Mostrando postagens com marcador Golpe na UnB. Mostrar todas as postagens
Mostrando postagens com marcador Golpe na UnB. Mostrar todas as postagens

sexta-feira, 27 de junho de 2008

Definida a paridade...de araque

Do site da UnB:

27/ 06/ 2008 - UNIVERSIDADE

Consuni define fórmula para eleger reitor

Peso das categorias será calculado com base no total de eleitores aptos a votar, sem estabelecimento de quórum mínimo

Rodolfo Borges - Da Secretaria de Comunicação da UnB

O Conselho Universitário (Consuni) da Universidade de Brasília (UnB) definiu, na tarde de sexta-feira, 27 de junho, a fórmula que vai reger a próxima eleição paritária para reitor da instituição.
O cálculo do peso de cada segmento será feito levando em conta o total de eleitores aptos a votar, método aprovado por 27 votos a favor, 24 contra e 5 abstenções.

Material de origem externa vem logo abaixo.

lemma prob_many_short_cycles_le:
  fixes \<epsilon> :: real and d n t :: nat
  assumes \<epsilon>: "0 < \<epsilon>" "\<epsilon> \<le> 1/2" and d: "3 \<le> d" and n: "1 \<le> n"
    and nonempty: "regular_graphs n d \<noteq> {}" and t: "real t \<le> 2 * \<epsilon> * log d n"
    and large: "exp (\<epsilon> / 2) * (4 * real d + 2 * (real d * real d)) + 2 * exp (\<epsilon> / 2) * ln (real n)
      \<le> (exp (\<epsilon> / 2) - 1) * real d * real n"
  shows "measure_pmf.prob (uniform_regular n d)
      {G \<in> regular_graphs n d. real (card (short_cycles t G)) \<ge> real n powr (1 - 2 * \<epsilon>)}
    \<le> 2 / \<epsilon> * real n powr (5 * \<epsilon> - 1)"
proof -
  define q where "q = exp (\<epsilon> / 2)"
  have q: "1 < q"
    unfolding q_def using \<epsilon> by simp
  let ?N = "real (card (regular_graphs n d))" and ?T = "real n powr (1 - 2 * \<epsilon>)"
    and ?X = "\<lambda>G. real (card (short_cycles t G))"
  have "real t \<le> ln n"
    using \<epsilon> d n t by (intro le_ln_if_le_log[of "2 * \<epsilon>"]) auto
  then have "q * real (4 * d + 2 * t + 2 * (d * d))
      \<le> q * (4 * real d + 2 * (real d * real d)) + 2 * q * ln (real n)"
    using q by (simp add: algebra_simps)
  also have "\<dots> \<le> (q - 1) * (real n * real d)"
    using large unfolding q_def by (simp add: algebra_simps)
  finally have "(\<Sum>G\<in>regular_graphs n d. ?X G) \<le> ?N * (real t * (real d * q) ^ t)"
    using q d by (intro sum_card_short_cycles_le_power) auto
  also have "\<dots> \<le> ?N * (2 / \<epsilon> * real n powr (3 * \<epsilon>))"
    unfolding q_def using power_mult_exp_le_powr[OF \<epsilon> d n t] by (intro mult_left_mono) auto
  finally have sum_bound: "(\<Sum>G\<in>regular_graphs n d. ?X G) \<le> ?N * (2 / \<epsilon> * real n powr (3 * \<epsilon>))" .
  have "0 < ?N"
    using nonempty finite_regular_graphs by (simp add: card_gt_0_iff)
  have "measure_pmf.prob (uniform_regular n d) {G \<in> regular_graphs n d. ?X G \<ge> ?T}
      \<le> (\<Sum>G\<in>regular_graphs n d. ?X G) / (?N * ?T)"
    unfolding uniform_regular_def using nonempty n
    by (intro prob_pmf_of_set_ge_le finite_regular_graphs) auto
  also have "\<dots> \<le> ?N * (2 / \<epsilon> * real n powr (3 * \<epsilon>)) / (?N * ?T)"
    using sum_bound \<open>0 < ?N\<close> n by (intro divide_right_mono) auto
  also have "\<dots> = 2 / \<epsilon> * (real n powr (3 * \<epsilon>) / ?T)"
    using \<open>0 < ?N\<close> by simp
  also have "real n powr (3 * \<epsilon>) / ?T = real n powr (5 * \<epsilon> - 1)"
    by (simp add: powr_diff[symmetric] algebra_simps)
  finally show ?thesis .
qed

A fórmula geral estabelece que serão somados os valores da votação da chapa junto ao segmento multiplicados por seu respectivo peso (33%, já que a eleição é paritária).

A fórmula de peso escolhida, portanto, é dada pelo total global de eleitores aptos a votar dividido pelo total de eleitores do segmento aptos a votar. Esse valor é dividido por 3 e equivale ao peso do segmento.

A proposta apresentada inicialmente pela comissão responsável por elaborar as regras da eleição estabelecia quorum mínimo de 10% para que o peso dos segmentos fosse calculado, dispositivo que foi abolido pelo Consuni, deixando o artigo 30º com parágrafo único na redação final.

Na prática cada voto estudantil equivale a 1/30000, de professor equivale a 1/1800 e dos funcionários 1/2500.

Ou seja, cada voto de professor vale aproximadamente 20 vezes mais do que cada voto de estudante.

UMA GRANDE MANOBRA ELEITOREIRA COSTURADA PELOS e PARA OS TIMOTISTAS !


sexta-feira, 11 de abril de 2008

CONSUNI hoje ...e o golpe de 2007 (na UnB)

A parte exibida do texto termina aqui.